__Task objective__. Set down exactly the lines below between the line holding "log p\<close> guarantees." and the line holding "by (simp add: gap_coeffs_def finite_PiE)", inclusive; no other line belongs in the answer.

__Data for this exercise__.
(* For all $\varepsilon>0$ there exist $c,n_0\in\mathbb{N}$ such that for all primes $p\ge n_0$ the following holds. If $\delta\ge c/\log p$ (with $p^\delta$ an integer), $\mu>0$ and $r=\mu n$ is a positive integer, then every proper $(r,p^{\delta})$-GAP $X\subseteq\mathbb{Z}_p^n$ is a $(\mu n/p^{0.9\delta},\,0.1,\,\varepsilon)$-additive source of entropy rate $\delta\mu$ in $(\mathbb{Z}_p^n,+)$.
   Context: An $(r,s)$-GAP in $\mathbb{Z}_p^n$ is a set $\{b_0+\sum_{i=1}^r a_ib_i: a_i\in\mathbb{Z},\ 0\le a_i\le s-1\}$ with $b_0,\dots,b_r\in\mathbb{Z}_p^n$; proper means all $s^r$ sums are distinct. For $X\subseteq\mathbb{Z}_p^n$, $\mathrm{Sym}_{1-\alpha}(X)=\{g:|X\cap(X+g)|\ge(1-\alpha)|X|\}$, and $X$ is $(\alpha,\beta,\tau)$-additive if $|X+X|\le|X|^{1+\tau}$ and $|\mathrm{Sym}_{1-\alpha}(X)|\ge|X|^{\beta}$. Entropy rate $\delta'$ means $|X|\ge p^{\delta' n}$. *)

theory Defs
  imports "HOL-Analysis.Analysis" "HOL-Computational_Algebra.Primes"
begin

text \<open>Elements of Z_p^n are represented as functions nat => int whose coordinates
  i < n lie in {0..<p} and which vanish for i >= n.\<close>

definition zpn :: "nat \<Rightarrow> nat \<Rightarrow> (nat \<Rightarrow> int) set" where
  "zpn p n = {v. (\<forall>i<n. 0 \<le> v i \<and> v i < int p) \<and> (\<forall>i\<ge>n. v i = 0)}"

definition vadd :: "nat \<Rightarrow> (nat \<Rightarrow> int) \<Rightarrow> (nat \<Rightarrow> int) \<Rightarrow> (nat \<Rightarrow> int)" where
  "vadd p u v = (\<lambda>i. (u i + v i) mod int p)"

definition sumset :: "nat \<Rightarrow> (nat \<Rightarrow> int) set \<Rightarrow> (nat \<Rightarrow> int) set \<Rightarrow> (nat \<Rightarrow> int) set" where
  "sumset p A B = {vadd p a b | a b. a \<in> A \<and> b \<in> B}"

definition gap_elem :: "nat \<Rightarrow> nat \<Rightarrow> (nat \<Rightarrow> int) \<Rightarrow> (nat \<Rightarrow> nat \<Rightarrow> int) \<Rightarrow> (nat \<Rightarrow> int) \<Rightarrow> (nat \<Rightarrow> int)" where
  "gap_elem p r b0 b a = (\<lambda>i. (b0 i + (\<Sum>j\<in>{1..r}. a j * b j i)) mod int p)"

definition gap_coeffs :: "nat \<Rightarrow> nat \<Rightarrow> (nat \<Rightarrow> int) set" where
  "gap_coeffs r s = PiE {1..r} (\<lambda>_. {0..<int s})"

definition gap :: "nat \<Rightarrow> nat \<Rightarrow> nat \<Rightarrow> (nat \<Rightarrow> int) \<Rightarrow> (nat \<Rightarrow> nat \<Rightarrow> int) \<Rightarrow> (nat \<Rightarrow> int) set" where
  "gap p r s b0 b = gap_elem p r b0 b ` gap_coeffs r s"

definition is_proper_gap :: "nat \<Rightarrow> nat \<Rightarrow> nat \<Rightarrow> nat \<Rightarrow> (nat \<Rightarrow> int) set \<Rightarrow> bool" where
  "is_proper_gap p n r s X \<longleftrightarrow>
     (\<exists>b0 b. b0 \<in> zpn p n \<and> (\<forall>j\<in>{1..r}. b j \<in> zpn p n) \<and>
            X = gap p r s b0 b \<and> inj_on (gap_elem p r b0 b) (gap_coeffs r s))"

definition Sym :: "nat \<Rightarrow> nat \<Rightarrow> real \<Rightarrow> (nat \<Rightarrow> int) set \<Rightarrow> (nat \<Rightarrow> int) set" where
  "Sym p n \<alpha> X = {g \<in> zpn p n. real (card (X \<inter> (\<lambda>x. vadd p x g) ` X)) \<ge> (1 - \<alpha>) * real (card X)}"

definition additive :: "nat \<Rightarrow> nat \<Rightarrow> real \<Rightarrow> real \<Rightarrow> real \<Rightarrow> (nat \<Rightarrow> int) set \<Rightarrow> bool" where
  "additive p n \<alpha> \<beta> \<tau> X \<longleftrightarrow>
     real (card (sumset p X X)) \<le> real (card X) powr (1 + \<tau>) \<and>
     real (card (Sym p n \<alpha> X)) \<ge> real (card X) powr \<beta>"

definition entropy_rate :: "nat \<Rightarrow> nat \<Rightarrow> real \<Rightarrow> (nat \<Rightarrow> int) set \<Rightarrow> bool" where
  "entropy_rate p n \<delta>' X \<longleftrightarrow> real (card X) \<ge> real p powr (\<delta>' * real n)"

end

theory Submission
  imports Defs
begin

text \<open>A proper \<open>(r,s)\<close>-GAP has \<open>s^r\<close> elements, and \<open>X + X\<close> lies in the \<open>(r, 2s-1)\<close>-GAP with
  base point \<open>2b\<^sub>0\<close>, so \<open>|X + X| \<le> 2^r |X| \<le> |X|^(1+\<epsilon>)\<close> once \<open>s^\<epsilon> \<ge> 2\<close>, which
  \<open>\<delta> \<ge> c / log p\<close> guarantees. For a shift \<open>g = \<Sum> a'\<^sub>j b\<^sub>j\<close> with \<open>0 \<le> a'\<^sub>j \<le> t = \<lfloor>s^0.1\<rfloor>\<close>,
  \<open>X \<inter> (X + g)\<close> contains the translates by \<open>g\<close> of the \<open>(s - t)^r \<ge> (1 - rt/s) s^r\<close> elements
  of \<open>X\<close> with all coefficients below \<open>s - t\<close> (Bernoulli's inequality), so \<open>g\<close> lies in
  \<open>Sym\<^sub>1\<^sub>-\<^sub>\<alpha>(X)\<close> for \<open>\<alpha> \<ge> r/s^0.9\<close>; properness makes these \<open>(t+1)^r \<ge> |X|^0.1\<close> shifts distinct.\<close>

lemma finite_zpn: "finite (zpn p n)"
proof -
  have "zpn p n \<subseteq> {f. \<forall>i. (i \<in> {..<n} \<longrightarrow> f i \<in> {0..<int p}) \<and> (i \<notin> {..<n} \<longrightarrow> f i = 0)}"
    by (auto simp: zpn_def)
  then show ?thesis
    by (rule finite_subset) (intro finite_set_of_finite_funs; simp)
qed

lemma finite_gap_coeffs: "finite (gap_coeffs r s)"
  by (simp add: gap_coeffs_def finite_PiE)

lemma card_gap_coeffs: "card (gap_coeffs r s) = s ^ r"
  by (simp add: gap_coeffs_def card_PiE)

lemma gap_coeffs_mono: "u \<le> s \<Longrightarrow> gap_coeffs r u \<subseteq> gap_coeffs r s"
  unfolding gap_coeffs_def by (intro PiE_mono) auto

lemma gap_coeffs_add_restrict:
  assumes "a \<in> gap_coeffs r u" "a' \<in> gap_coeffs r v" "0 < u" "0 < v"
  shows "restrict (\<lambda>j. a j + a' j) {1..r} \<in> gap_coeffs r (u + v - 1)"
proof -
  have "a j + a' j \<in> {0..<int (u + v - 1)}" if "j \<in> {1..r}" for j
    using PiE_mem[OF assms(1)[unfolded gap_coeffs_def] that]
      PiE_mem[OF assms(2)[unfolded gap_coeffs_def] that] assms(3,4) by auto
  then show ?thesis unfolding gap_coeffs_def by auto
qed

lemma gap_elem_cong:
  "(\<And>j. j \<in> {1..r} \<Longrightarrow> a j = a' j) \<Longrightarrow> gap_elem p r b0 b a = gap_elem p r b0 b a'"
  unfolding gap_elem_def by (intro ext arg_cong2[where f = "(mod)"] arg_cong2[where f = "(+)"] sum.cong) auto

lemma vadd_gap_elem:
  "vadd p (gap_elem p r b0 b a) (gap_elem p r b1 b a') =
   gap_elem p r (\<lambda>i. b0 i + b1 i) b (restrict (\<lambda>j. a j + a' j) {1..r})"
proof -
  have "vadd p (gap_elem p r b0 b a) (gap_elem p r b1 b a') =
        gap_elem p r (\<lambda>i. b0 i + b1 i) b (\<lambda>j. a j + a' j)"
    unfolding vadd_def gap_elem_def by (rule ext) (simp add: mod_add_eq sum.distrib algebra_simps)
  also have "\<dots> = gap_elem p r (\<lambda>i. b0 i + b1 i) b (restrict (\<lambda>j. a j + a' j) {1..r})"
    by (rule gap_elem_cong) simp
  finally show ?thesis .
qed

lemma vadd_gap_elem_zero: "vadd p b0 (gap_elem p r (\<lambda>_. 0) b a) = gap_elem p r b0 b a"
  unfolding vadd_def gap_elem_def by (rule ext) (simp add: mod_add_right_eq)

lemma gap_elem_zero_in_zpn:
  assumes "p > 0" "\<forall>j\<in>{1..r}. b j \<in> zpn p n"
  shows "gap_elem p r (\<lambda>_. 0) b a \<in> zpn p n"
  using assms unfolding zpn_def gap_elem_def by simp

lemma card_sumset_gap_le:
  assumes "s > 0"
  shows "card (sumset p (gap p r s b0 b) (gap p r s b0 b)) \<le> (2 * s - 1) ^ r"
proof -
  have "sumset p (gap p r s b0 b) (gap p r s b0 b) \<subseteq> gap p r (2 * s - 1) (\<lambda>i. b0 i + b0 i) b"
  proof
    fix z assume "z \<in> sumset p (gap p r s b0 b) (gap p r s b0 b)"
    then obtain a a' where a: "a \<in> gap_coeffs r s" "a' \<in> gap_coeffs r s"
      and z: "z = vadd p (gap_elem p r b0 b a) (gap_elem p r b0 b a')"
      unfolding sumset_def gap_def by blast
    have "restrict (\<lambda>j. a j + a' j) {1..r} \<in> gap_coeffs r (2 * s - 1)"
      using gap_coeffs_add_restrict[OF a] assms by (simp add: mult_2)
    then show "z \<in> gap p r (2 * s - 1) (\<lambda>i. b0 i + b0 i) b"
      unfolding z vadd_gap_elem gap_def by (rule imageI)
  qed
  then have "card (sumset p (gap p r s b0 b) (gap p r s b0 b)) \<le> card (gap p r (2 * s - 1) (\<lambda>i. b0 i + b0 i) b)"
    by (intro card_mono) (simp_all add: gap_def finite_gap_coeffs)
  also have "\<dots> \<le> (2 * s - 1) ^ r"
    unfolding gap_def by (metis card_gap_coeffs card_image_le finite_gap_coeffs)
  finally show ?thesis .
qed

lemma card_proper_gap:
  assumes "inj_on (gap_elem p r b0 b) (gap_coeffs r s)"
  shows "card (gap p r s b0 b) = s ^ r"
  using assms by (simp add: gap_def card_image card_gap_coeffs)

__Reply to the task__.
  \<open>\<delta> \<ge> c / log p\<close> guarantees. For a shift \<open>g = \<Sum> a'\<^sub>j b\<^sub>j\<close> with \<open>0 \<le> a'\<^sub>j \<le> t = \<lfloor>s^0.1\<rfloor>\<close>,
  \<open>X \<inter> (X + g)\<close> contains the translates by \<open>g\<close> of the \<open>(s - t)^r \<ge> (1 - rt/s) s^r\<close> elements
  of \<open>X\<close> with all coefficients below \<open>s - t\<close> (Bernoulli's inequality), so \<open>g\<close> lies in
  \<open>Sym\<^sub>1\<^sub>-\<^sub>\<alpha>(X)\<close> for \<open>\<alpha> \<ge> r/s^0.9\<close>; properness makes these \<open>(t+1)^r \<ge> |X|^0.1\<close> shifts distinct.\<close>

lemma finite_zpn: "finite (zpn p n)"
proof -
  have "zpn p n \<subseteq> {f. \<forall>i. (i \<in> {..<n} \<longrightarrow> f i \<in> {0..<int p}) \<and> (i \<notin> {..<n} \<longrightarrow> f i = 0)}"
    by (auto simp: zpn_def)
  then show ?thesis
    by (rule finite_subset) (intro finite_set_of_finite_funs; simp)
qed

lemma finite_gap_coeffs: "finite (gap_coeffs r s)"
  by (simp add: gap_coeffs_def finite_PiE)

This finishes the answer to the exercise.